Isn’t Futuroscope wonderful?! ..Yee-e-ess!
Yee-e-ess eet is!
With the death of 3D HDTV the playback of stereoscopic imagery looks like it will be problematic.
Instead of focusing on stereoscopic 3D rendering, why not focus on making sensors and lenses that give 2D photographs sufficient 3D depth cues via shallow DOF, high microcontrast, and high color tonality? I’m talking here about fast lenses with as few elements as needed paired with trichromatic CFA sensors that can record the light as the eye sees it. Leica did it successfully with the M9 and Noctilux 50/.95 but it seems Canikon have been more interested in pairing complex, optically-corrected lenses with weak CFA sensors tuned for high ISO. The results seem to be… very high resolution flat photography.
“..trichromatic CFA sensors that can record the light as the eye sees it … Leica did it successfully with the M9 and Noctilux 50/.95..”
Well, it’s not so much sensors which “..record the light as the eye sees it..” but the camera-company-chosen processing, afterwards, which delivers photos “..as the eye sees it..” ..from three sets of black-and-white inputs. The camera company (Olympus, Leica, Canon, Fuji, etc ..and we must mention Hasselblad here, of course!) chooses what they want the results from their own brand of cameras to look like.
Oddly, I can’t see what’s so special about the M9, but that’s probably just my own poor-quality vision: my M9 photos – mainly with very wide angle lenses – all look sort of “dreamy”, but perhaps that’s because I’ve shot most of them in very bright light ..as the M9’s hopeless, compared with other brands, in low light, so maybe excess light is flooding the photos. (The M9’s really more like a film camera, but with lower high-ISO than any 3200 or 6400 film.)

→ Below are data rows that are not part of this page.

lemma bypass_partition:
  assumes D: "digraph V F" and C: "is_cycle F C" and bp: "bypass F C (V - set C) A G Y"
  shows "indeg V F x = indeg (set A) F x + indeg (set G) F x + indeg (set Y) F x
      + indeg (V - set C - set Y) F x"
    and "outdeg V F x = outdeg (set A) F x + outdeg (set G) F x + outdeg (set Y) F x
      + outdeg (V - set C - set Y) F x"
    and "card V = length A + length G + length Y + card (V - set C - set Y)"
proof -
  define W where "W = V - set C - set Y"
  have fin: "finite V" "finite W" using D by (simp_all add: digraph_def W_def)
  have AG: "distinct (A @ G)" "set A \<union> set G = set C"
    using bypass_rotation[OF bp C] by (auto simp: is_cycle_iff)
  have Y: "distinct Y" "set Y \<subseteq> V - set C" using bp by (auto simp: bypass_def is_path_iff)
  have V: "V = set A \<union> (set G \<union> (set Y \<union> W))"
    using AG(2) digraph_cycle_subset[OF D C] Y(2) by (auto simp: W_def)
  have disjoint: "set A \<inter> (set G \<union> (set Y \<union> W)) = {}" "set G \<inter> (set Y \<union> W) = {}"
    "set Y \<inter> W = {}"
    using AG Y(2) by (auto simp: W_def)
  have "indeg V F x = indeg (set A) F x + indeg (set G) F x + indeg (set Y) F x + indeg W F x"
    "outdeg V F x = outdeg (set A) F x + outdeg (set G) F x + outdeg (set Y) F x + outdeg W F x"
    "card V = length A + length G + length Y + card W"
    unfolding V using fin(2) disjoint AG(1) Y(1)
    by (simp_all add: indeg_Un outdeg_Un card_Un_disjoint distinct_card)
  then show "indeg V F x = indeg (set A) F x + indeg (set G) F x + indeg (set Y) F x
      + indeg (V - set C - set Y) F x"
    "outdeg V F x = outdeg (set A) F x + outdeg (set G) F x + outdeg (set Y) F x
      + outdeg (V - set C - set Y) F x"
    "card V = length A + length G + length Y + card (V - set C - set Y)"
    by (simp_all add: W_def)
qed

text \<open>Shortcutting C through the bypass gives a cycle, which is not longer than C; so the skipped
  arc G cannot be absorbed completely.\<close>

lemma longest_cycle_bypass_gap:
  assumes C: "is_cycle F C" and longest: "\<forall>C'. is_cycle F C' \<longrightarrow> length C' \<le> length C"
    and bp: "bypass F C R A G Y" and R: "R \<inter> set C = {}"
  shows "\<exists>u \<in> set G. \<not> insertable F (A @ Y) u"
proof (rule ccontr)
  assume "\<not> ?thesis"
  then have inserts: "\<forall>g \<in> set G. insertable F (A @ Y) g" by blast
  note AG = bypass_rotation[OF bp C]
  have A: "is_path F A"
    using is_path_take[OF is_cycle_imp_is_path[OF AG(1)], of "length A"] bp
    by (auto simp: bypass_def)
  have Y: "is_path F Y" "set Y \<inter> set C = {}" using bp R by (auto simp: bypass_def)
  have cycle_AY: "is_cycle F (A @ Y)"
    using is_cycle_append_path[OF A Y(1)] bp AG(2) Y(2) by (auto simp: bypass_def)
  have G: "distinct G" "path_edges G \<subseteq> F" "set G \<inter> set (A @ Y) = {}"
    using AG(1,2) path_edges_drop[of "length A" "A @ G"] path_edges_subset_cycle_edges[of "A @ G"]
      Y(2) by (auto simp: is_cycle_iff)
  obtain c where c: "is_cycle F c" "set c = set (A @ Y) \<union> set G"
    using is_cycle_absorb_path[OF cycle_AY G(1,2)] G(3) inserts by blast
  then have "length c = length (A @ Y) + length G"
    using G is_cycle_length_eq_card[OF cycle_AY]
    by (simp add: is_cycle_length_eq_card card_Un_disjoint Int_commute distinct_card)
  moreover have "length c \<le> length C" using longest c(1) by blast
  moreover have "0 < length Y" using Y(1) by (simp add: is_path_iff)
  ultimately show False using AG(3) by simp
qed

context
  fixes F :: "('a \<times> 'a) set" and C A G Y :: "'a list" and R :: "'a set"
  assumes bypass: "bypass F C R A G Y"
    and minimal: "\<forall>A' G' Y'. bypass F C R A' G' Y' \<longrightarrow> length G \<le> length G'"
begin

lemma bypass_arcs: "\<exists>j. rotate j C = A @ G"
  and bypass_A_ne: "A \<noteq> []"
  and bypass_path: "is_path F Y"
  and bypass_path_subset: "set Y \<subseteq> R"
  and bypass_leave: "(last A, hd Y) \<in> F"
  and bypass_return: "(last Y, hd A) \<in> F"
  using bypass by (simp_all add: bypass_def)

lemma bypass_rotate_split:
  assumes "G = G1 @ g # G2"
  shows "\<exists>j. rotate j C = (A @ G1 @ [g]) @ G2" "\<exists>j. rotate j C = (g # G2 @ A) @ G1"
proof -
  obtain j where j: "rotate j C = A @ G" using bypass_arcs by blast
  then show "\<exists>j. rotate j C = (A @ G1 @ [g]) @ G2" using assms by auto
  have "rotate (length (A @ G1) + j) C = rotate (length (A @ G1)) ((A @ G1) @ (g # G2))"
    using j assms by (simp add: rotate_rotate[symmetric])
  also have "\<dots> = (g # G2 @ A) @ G1" using rotate_append[of "A @ G1" "g # G2"] by simp
  finally show "\<exists>j. rotate j C = (g # G2 @ A) @ G1" by blast
qed

lemma minimal_bypass_no_edge_to_path:
  assumes g: "g \<in> set G" and v: "v \<in> set Y"
  shows "(g, v) \<notin> F"
proof
  assume gv: "(g, v) \<in> F"
  obtain G1 G2 where G: "G = G1 @ g # G2" using split_list[OF g] by blast
  obtain Y1 Y2 where Y: "Y = Y1 @ v # Y2" using split_list[OF v] by blast
  have "is_path F (v # Y2)"
    using is_path_drop[OF bypass_path, of "length Y1"] Y by simp
  then have "bypass F C R (A @ G1 @ [g]) G2 (v # Y2)"
    using bypass_rotate_split(1)[OF G] gv bypass_path_subset bypass_return bypass_A_ne Y
    by (auto simp: bypass_def)
  then show False using minimal G by fastforce
qed

lemma minimal_bypass_no_edge_from_path:
  assumes g: "g \<in> set G" and v: "v \<in> set Y"
  shows "(v, g) \<notin> F"
proof
  assume vg: "(v, g) \<in> F"
  obtain G1 G2 where G: "G = G1 @ g # G2" using split_list[OF g] by blast
  obtain Y1 Y2 where Y: "Y = Y1 @ v # Y2" using split_list[OF v] by blast
  have "is_path F (Y1 @ [v])"
    using is_path_take[OF bypass_path, of "Suc (length Y1)"] Y by simp
  moreover have "hd (Y1 @ [v]) = hd Y" using Y by (cases Y1) auto
  ultimately have "bypass F C R (g # G2 @ A) G1 (Y1 @ [v])"
    using bypass_rotate_split(2)[OF G] vg bypass_path_subset bypass_leave bypass_A_ne Y
    by (auto simp: bypass_def)
  then show False using minimal G by fastforce
qed

lemma minimal_bypass_no_detour_to_gap:
  assumes g: "g \<in> set G" and w: "w \<in> R" "w \<notin> set Y" and "(hd Y, w) \<in> F"
  shows "(w, g) \<notin> F"
proof
  assume wg: "(w, g) \<in> F"
  obtain G1 G2 where G: "G = G1 @ g # G2" using split_list[OF g] by blast
  have "hd Y \<in> set Y" using bypass_path by (auto simp: is_path_iff)
  then have "is_path F [hd Y, w]" using assms by (auto simp: is_path_iff)
  then have "bypass F C R (g # G2 @ A) G1 [hd Y, w]"
    using bypass_rotate_split(2)[OF G] assms wg bypass_path_subset bypass_leave bypass_A_ne
      \<open>hd Y \<in> set Y\<close> by (auto simp: bypass_def)
  then show False using minimal G by fastforce
qed

lemma minimal_bypass_no_detour_from_gap:
  assumes g: "g \<in> set G" and w: "w \<in> R" "w \<notin> set Y" and "(g, w) \<in> F"
  shows "(w, hd Y) \<notin> F"
proof
  assume wy: "(w, hd Y) \<in> F"
  obtain G1 G2 where G: "G = G1 @ g # G2" using split_list[OF g] by blast
  have "is_path F (w # Y)"
    using bypass_path wy w by (auto simp: is_path_iff path_edges_Cons)
  then have "bypass F C R (A @ G1 @ [g]) G2 (w # Y)"
    using bypass_rotate_split(1)[OF G] assms bypass_path_subset bypass_return bypass_A_ne bypass_path
    by (auto simp: bypass_def is_path_iff)
  then show False using minimal G by fastforce
qed

lemma minimal_bypass_degree_sum:
  assumes D: "digraph V F" and C: "is_cycle F C"
    and longest: "\<forall>C'. is_cycle F C' \<longrightarrow> length C' \<le> length C"
    and R: "R = V - set C"
    and u: "u \<in> set G" "\<not> insertable F (A @ Y) u"
  shows "indeg V F u + outdeg V F u + indeg V F (hd Y) + outdeg V F (hd Y) + 2 \<le> 2 * card V"
proof -
  define y where "y = hd Y"
  define W where "W = V - set C - set Y"
  note AG = bypass_rotation[OF bypass C]
  have loops: "\<And>v. (v, v) \<notin> F" and "finite W" using D by (auto simp: digraph_def W_def)
  have "distinct Y" "y \<in> set Y" using bypass_path by (auto simp: y_def is_path_iff)
  moreover from this have "y \<notin> set C" using bypass_path_subset R by auto
  ultimately have Y: "distinct Y" "y \<in> set Y" "y \<notin> set C" by blast+
  have "distinct A" "distinct G" using AG(1) by (simp_all add: is_cycle_iff)
  have "\<forall>(a, b) \<in> path_edges A. (a, u) \<notin> F \<or> (u, b) \<notin> F"
    using u(2) path_edges_append_left[of A Y] path_edges_subset_cycle_edges[of "A @ Y"]
    by (auto simp: insertable_def)
  moreover have "\<forall>(a, b) \<in> cycle_edges C. (a, y) \<notin> F \<or> (y, b) \<notin> F"
    using longest_cycle_not_insertable[OF C longest Y(3)] by (auto simp: insertable_def)
  then have "\<forall>(a, b) \<in> path_edges A. (a, y) \<notin> F \<or> (y, b) \<notin> F"
    using path_edges_append_left[of A G] path_edges_subset_cycle_edges[of "A @ G"] AG(4)
    by blast
  ultimately have on_A: "indeg (set A) F u + outdeg (set A) F u \<le> length A + 1"
    "indeg (set A) F y + outdeg (set A) F y \<le> length A + 1"
    using indeg_plus_outdeg_path_le[OF \<open>distinct A\<close>] by blast+
  have no_edges: "(g, v) \<notin> F" "(v, g) \<notin> F" if "g \<in> set G" "v \<in> set Y" for g v
    using minimal_bypass_no_edge_to_path minimal_bypass_no_edge_from_path that by blast+
  have on_G: "indeg (set G) F u < length G" "outdeg (set G) F u < length G"
    "indeg (set G) F y = 0" "outdeg (set G) F y = 0"
    using indeg_less_card[of "set G" u F "set G"] outdeg_less_card[of "set G" u F "set G"]
      u(1) loops \<open>distinct G\<close> no_edges Y(2)
    by (simp_all add: indeg_def outdeg_def distinct_card)
  have on_Y: "indeg (set Y) F y < length Y" "outdeg (set Y) F y < length Y"
    "indeg (set Y) F u = 0" "outdeg (set Y) F u = 0"
    using indeg_less_card[of "set Y" y F "set Y"] outdeg_less_card[of "set Y" y F "set Y"]
      Y(1,2) loops no_edges u(1)
    by (simp_all add: indeg_def outdeg_def distinct_card)
  have "\<forall>w \<in> W. (w, u) \<notin> F \<or> (y, w) \<notin> F" "\<forall>w \<in> W. (w, y) \<notin> F \<or> (u, w) \<notin> F"
    using u(1) minimal_bypass_no_detour_to_gap minimal_bypass_no_detour_from_gap R
    by (auto simp: W_def y_def)
  then have on_W: "indeg W F u + outdeg W F y \<le> card W" "indeg W F y + outdeg W F u \<le> card W"
    using indeg_plus_outdeg_le_card[OF \<open>finite W\<close>] by blast+
  note partition = bypass_partition[OF D C bypass[unfolded R]]
  show ?thesis
    using partition(1)[of u] partition(1)[of y] partition(2)[of u] partition(2)[of y]
      partition(3) on_A on_G on_Y on_W
    unfolding W_def y_def by linarith
qed

end

lemma two_cycle_if_degree_sum:
  assumes D: "digraph V F" and x: "x \<in> V" and deg: "card V \<le> indeg V F x + outdeg V F x"
  shows "\<exists>z. is_cycle F [x, z]"
proof -
  have fin: "finite V" and loops: "\<And>v. (v, v) \<notin> F" using D by (auto simp: digraph_def)
  have "indeg V F x = indeg (V - {x}) F x" "outdeg V F x = outdeg (V - {x}) F x"
    using indeg_insert[of "V - {x}" x F x] outdeg_insert[of "V - {x}" x F x] fin loops x
    by (simp_all add: insert_absorb)
  moreover have "card (V - {x}) < card V" using fin x by (rule card_Diff1_less)
  ultimately have "\<not> (\<forall>w \<in> V - {x}. (w, x) \<notin> F \<or> (x, w) \<notin> F)"
    using indeg_plus_outdeg_le_card[of "V - {x}" x F x] fin deg by auto
  then obtain z where "z \<in> V - {x}" "(z, x) \<in> F" "(x, z) \<in> F" by blast
  then show ?thesis by (auto simp: is_cycle_iff cycle_edges_conv_path_edges)
qed

text \<open>A weak form of Woodall's theorem. If a longest cycle C is not Hamiltonian, take a bypass of
  C whose skipped arc G is as short as possible; a vertex of G that cannot be inserted into the
  shortcut cycle and the first vertex of the bypass together have too few edges.\<close>

theorem hamiltonian_cycle_if_degree_sum:
  assumes D: "digraph V F" and two: "2 \<le> card V"
    and deg: "\<forall>u \<in> V. \<forall>v \<in> V. card V \<le> indeg V F u + outdeg V F v"
  shows "\<exists>c. is_cycle F c \<and> set c = V"
proof (rule ccontr)
  assume nonham: "\<nexists>c. is_cycle F c \<and> set c = V"
  obtain x where "x \<in> V" using two by fastforce
  then obtain z where "is_cycle F [x, z]" using two_cycle_if_degree_sum[OF D] deg by blast
  then obtain C where C: "is_cycle F C" and longest: "\<forall>C'. is_cycle F C' \<longrightarrow> length C' \<le> length C"
    using longest_cycle_exists[OF D] by blast
  have strong: "\<forall>x \<in> V. \<forall>y \<in> V. (x, y) \<in> F\<^sup>*"
    using rtrancl_if_degree_sum[OF D] deg by fastforce
  have "set C \<noteq> V" using C nonham by blast
  then obtain A G Y where "bypass F C (V - set C) A G Y"
    using bypass_exists[OF D strong C] by blast
  then obtain A G Y where bp: "bypass F C (V - set C) A G Y"
    and minimal: "\<forall>A' G' Y'. bypass F C (V - set C) A' G' Y' \<longrightarrow> length G \<le> length G'"
    using ex_has_least_nat[where P = "\<lambda>(A, G, Y). bypass F C (V - set C) A G Y"
        and m = "\<lambda>(A, G, Y). length G" and k = "(A, G, Y)"] by fastforce
  obtain u where u: "u \<in> set G" "\<not> insertable F (A @ Y) u"
    using longest_cycle_bypass_gap[OF C longest bp] by blast
  have "u \<in> V" using u(1) bypass_rotation(2)[OF bp C] digraph_cycle_subset[OF D C] by blast
  moreover have "hd Y \<in> V"
    using bp unfolding bypass_def is_path_iff by (metis DiffD1 hd_in_set subsetD)
  ultimately show False
    using minimal_bypass_degree_sum[OF bp minimal D C longest refl u]
      deg[rule_format, of u u] deg[rule_format, of "hd Y" "hd Y"] by linarith
qed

“..Canikon have been more interested in pairing complex, optically-corrected lenses with weak CFA sensors tuned for high ISO..” ..huh? “..Complex, optically-corrected lenses..” isn’t that what most lens manufacturers make? I think that all photographic lenses – apart from those intentionally poor plastic Holga, Lens-Baby and Lomography optics – are “optically-corrected”, whatever that may mean. Don’t all manufacturers aim for lenses with “..as few elements as needed..”? Or do some companies say “let’s throw in an extra couple of elements – we don’t actually need them, but it’ll make the lens feel heavier and more expensive” – like the small pieces of steel inside the cheap-plastic-bodied Nimslo 3-D cameras?
I didn’t realise than Canon and Nikon have been using “..weak CFA sensors tuned for high ISO”. I wonder in what ways they’re “weak’. I’d have thought that, above all, it’s Sony which has been making sensor-&-electronics combinations for high ISO, like the A7S and its 409,000 ISO setting, which is wonderful for moonlight shots.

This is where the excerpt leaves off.